Gradually add egg yolk one at a time while mixing then add vanilla essence, all-purpose flour, cocoa powder, and baking powder. Beat until just combined.
Divide the batter into 3 parts, then pour the batter into a 21 cm x 11 cm rectangular tin.
Bake at 175° Celsius for 20-25 minutes.
After baking, let the cake cool in the tin.
In a small saucepan heat dark chocolate and ⅓ cup heavy cream until bubbles appear on the edge of the saucepan. Turn off the heat. Stir until well combined. Let it cool.
Beat the rest of the heavy cream with a hand mixer until hard peaks. Mix ⅓ of the whipping cream into the melted chocolate. Stir slowly.
Once mixed, add the rest of the whipping cream and stir until well combined. Refrigerate.
Remove the chocolate cake from the tin. Spread chocolate mousse between cake layers, on top, and sides of the cake. Use a bench scraper for smooth sides. Refrigerate for 3 hours.
Combine gelatine and water in a small bowl, and let it bloom.
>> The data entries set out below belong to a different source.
(* For the quasi-random router model for any transition matrix $P$ and any initial configuration with $M$ tokens in total, $\Psi_\sigma\le 2\lg(M+1)$.
   Context: $V=\{1,\dots,N\}$, $P$ a stochastic $N\times N$ matrix, $\mathcal N(v)=\{u:P_{v,u}>0\}$, $\delta(v)=|\mathcal N(v)|$; $\lg=\log_2$. The van der Corput function $\psi:\mathbb{Z}_{\ge0}\to[0,1)$ is $\psi(0)=0$ and, for $i>0$ written in binary as $i=\sum_{j=0}^{\lfloor\lg i\rfloor}\beta_j(i)2^j$, $\psi(i)=\sum_{j}\beta_j(i)2^{-(j+1)}$. The quasi-random router: fix an ordering $u_1,\dots,u_{\delta(v)}$ of $\mathcal N(v)$ and set $\sigma_v(i)=u_k$ where $\sum_{j=1}^{k-1}P_{v,u_j}\le\psi(i)<\sum_{j=1}^{k}P_{v,u_j}$. $I_{v,u}[z,z')=|\{j\in\{z,\dots,z'-1\}:\sigma_v(j)=u\}|$ (zero if $z'\le z$). Given $\chi^{(0)}\in\mathbb{Z}_{\ge0}^N$ with $\sum_v\chi^{(0)}_v=M$, set $Z^{(t)}_{v,u}=I_{v,u}\big[\sum_{s=0}^{t-1}\chi^{(s)}_v,\sum_{s=0}^{t}\chi^{(s)}_v\big)$, $\chi^{(t+1)}_u=\sum_vZ^{(t)}_{v,u}$; $\Psi_\sigma=\sup_{v,\,u\in\mathcal N(v),\,t\ge0}|Z^{(t)}_{v,u}-\chi^{(t)}_vP_{v,u}|$. *)

theory Defs
  imports Complex_Main
begin

text \<open>Vertex set V = {1..N}; transition matrix P :: nat => nat => real (entries outside V irrelevant).\<close>

definition nbr :: "nat \<Rightarrow> (nat \<Rightarrow> nat \<Rightarrow> real) \<Rightarrow> nat \<Rightarrow> nat set" where
  "nbr N P v = {u \<in> {1..N}. P v u > 0}"

definition stochastic :: "nat \<Rightarrow> (nat \<Rightarrow> nat \<Rightarrow> real) \<Rightarrow> bool" where
  "stochastic N P \<longleftrightarrow> (\<forall>v\<in>{1..N}. (\<forall>u\<in>{1..N}. P v u \<ge> 0) \<and> (\<Sum>u\<in>{1..N}. P v u) = 1)"

text \<open>van der Corput function: binary digits of i mirrored about the binary point.
  Bits beyond floor(lg i) are zero, so summing over j < i+1 is harmless (i < 2^(i+1)).\<close>
definition vdc :: "nat \<Rightarrow> real" where
  "vdc i = (if i = 0 then 0 else (\<Sum>j<Suc i. real ((i div 2 ^ j) mod 2) / 2 ^ (j + 1)))"

text \<open>Quasi-random router: ord v = the fixed ordering u_1,...,u_delta(v) of N(v) (0-indexed list).\<close>
definition prefP :: "(nat \<Rightarrow> nat \<Rightarrow> real) \<Rightarrow> (nat \<Rightarrow> nat list) \<Rightarrow> nat \<Rightarrow> nat \<Rightarrow> real" where
  "prefP P ord v k = (\<Sum>j<k. P v (ord v ! j))"

definition router :: "(nat \<Rightarrow> nat \<Rightarrow> real) \<Rightarrow> (nat \<Rightarrow> nat list) \<Rightarrow> nat \<Rightarrow> nat \<Rightarrow> nat" where
  "router P ord v i = ord v ! (THE k. k < length (ord v) \<and>
       prefP P ord v k \<le> vdc i \<and> vdc i < prefP P ord v (Suc k))"

definition Icount :: "(nat \<Rightarrow> nat \<Rightarrow> real) \<Rightarrow> (nat \<Rightarrow> nat list) \<Rightarrow> nat \<Rightarrow> nat \<Rightarrow> nat \<Rightarrow> nat \<Rightarrow> nat" where
  "Icount P ord v u z z' = card {j. z \<le> j \<and> j < z' \<and> router P ord v j = u}"

text \<open>Auxiliary state: (chi^(t), cumulative sums \<Sum>_{s<t} chi^(s)).\<close>
primrec qstate :: "nat \<Rightarrow> (nat \<Rightarrow> nat \<Rightarrow> real) \<Rightarrow> (nat \<Rightarrow> nat list) \<Rightarrow> (nat \<Rightarrow> nat) \<Rightarrow> nat
    \<Rightarrow> (nat \<Rightarrow> nat) \<times> (nat \<Rightarrow> nat)" where
  "qstate N P ord chi0 0 = (chi0, (\<lambda>_. 0))"
| "qstate N P ord chi0 (Suc t) =
     (let c = fst (qstate N P ord chi0 t); a = snd (qstate N P ord chi0 t)
      in ((\<lambda>u. \<Sum>v\<in>{1..N}. Icount P ord v u (a v) (a v + c v)), (\<lambda>v. a v + c v)))"

definition chi :: "nat \<Rightarrow> (nat \<Rightarrow> nat \<Rightarrow> real) \<Rightarrow> (nat \<Rightarrow> nat list) \<Rightarrow> (nat \<Rightarrow> nat) \<Rightarrow> nat \<Rightarrow> nat \<Rightarrow> nat" where
  "chi N P ord chi0 t = fst (qstate N P ord chi0 t)"

definition Zflow :: "nat \<Rightarrow> (nat \<Rightarrow> nat \<Rightarrow> real) \<Rightarrow> (nat \<Rightarrow> nat list) \<Rightarrow> (nat \<Rightarrow> nat) \<Rightarrow> nat \<Rightarrow> nat \<Rightarrow> nat \<Rightarrow> nat" where
  "Zflow N P ord chi0 t v u =
     Icount P ord v u (\<Sum>s<t. chi N P ord chi0 s v) (\<Sum>s<Suc t. chi N P ord chi0 s v)"

end

theory Submission
  imports Defs
begin

text \<open>The van der Corput sequence is self-similar: \<open>vdc (2 j) = vdc j / 2\<close> and
  \<open>vdc (2 j + 1) = (vdc j + 1) / 2\<close>. Among \<open>n\<close> consecutive indices, those with value below
  \<open>c\<close> therefore correspond to about \<open>n / 2\<close> consecutive indices with value below \<open>2 c\<close>
  (if \<open>c \<le> 1/2\<close>) or \<open>2 c - 1\<close> (otherwise), and rounding \<open>n / 2\<close> costs at most \<open>1/2\<close>.
  Induction on \<open>n\<close> bounds the discrepancy \<open>|#{j \<in> [a, a+n). vdc j < c} - n c|\<close> by
  \<open>lg (n + 1)\<close>. A vertex sends its \<open>j\<close>-th token to \<open>u\<close> exactly when \<open>vdc j\<close> lies in an
  interval of length \<open>P v u\<close>, so each routing error is a difference of two such discrepancies
  with \<open>n = \<chi>\<^sub>v \<le> M\<close>, as tokens are conserved.\<close>

lemma vdc_eq_digit_sum:
  assumes "i < 2 ^ K"
  shows "vdc i = (\<Sum>j<K. real ((i div 2 ^ j) mod 2) / 2 ^ (j + 1))"
proof -
  let ?d = "\<lambda>j. real ((i div 2 ^ j) mod 2) / 2 ^ (j + 1)"
  have truncate: "(\<Sum>j<L'. ?d j) = (\<Sum>j<L. ?d j)" if "i < 2 ^ L" "L \<le> L'" for L L'
  proof (rule sum.mono_neutral_right)
    show "\<forall>j\<in>{..<L'} - {..<L}. ?d j = 0"
    proof
      fix j assume "j \<in> {..<L'} - {..<L}"
      then have "(2::nat) ^ L \<le> 2 ^ j" by (simp add: power_increasing)
      with that(1) have "i < 2 ^ j" by linarith
      then show "?d j = 0" by simp
    qed
  qed (use that in auto)
  have "vdc i = (\<Sum>j<Suc i. ?d j)"
    by (simp add: vdc_def)
  also have "\<dots> = (\<Sum>j<max K (Suc i). ?d j)"
    by (rule truncate[symmetric]) (use less_trans[OF lessI less_exp] in auto)
  also have "\<dots> = (\<Sum>j<K. ?d j)"
    by (rule truncate) (use assms in auto)
  finally show ?thesis .
qed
In a medium saucepan, mix cocoa powder and sugar until mixed well, then add water and mix again, and lastly, add heavy cream then mix again until well combined.
Heat over medium heat. Keep stirring the glazed until boiling. Turn off the heat. Cool the glazed for about 3 minutes then add bloomed gelatin, and stir until the gelatine is dissolved and well combined. Strain the glaze to remove lumps and bubbles.
Cover the chocolate glazed with plastic wrap and press it directly onto the surface of the chocolate glazed to prevent it from forming a skin on the surface. Let it cool in a room temperature for 2 hours.
Chocolate Cake Glazed
Place a rack on a tray to catch the excess glaze. Slide two knives under the cake, then transfer it to a tray. Pour the chocolate glaze onto a cake until the cake is covered with glaze.
Refrigerate again for 30 minutes. After 30 minutes, transfer again the cake to a platter. Slice the cake then decorate each slice with gold leaves. The chocolate cake glazed is ready to serve. Enjoy!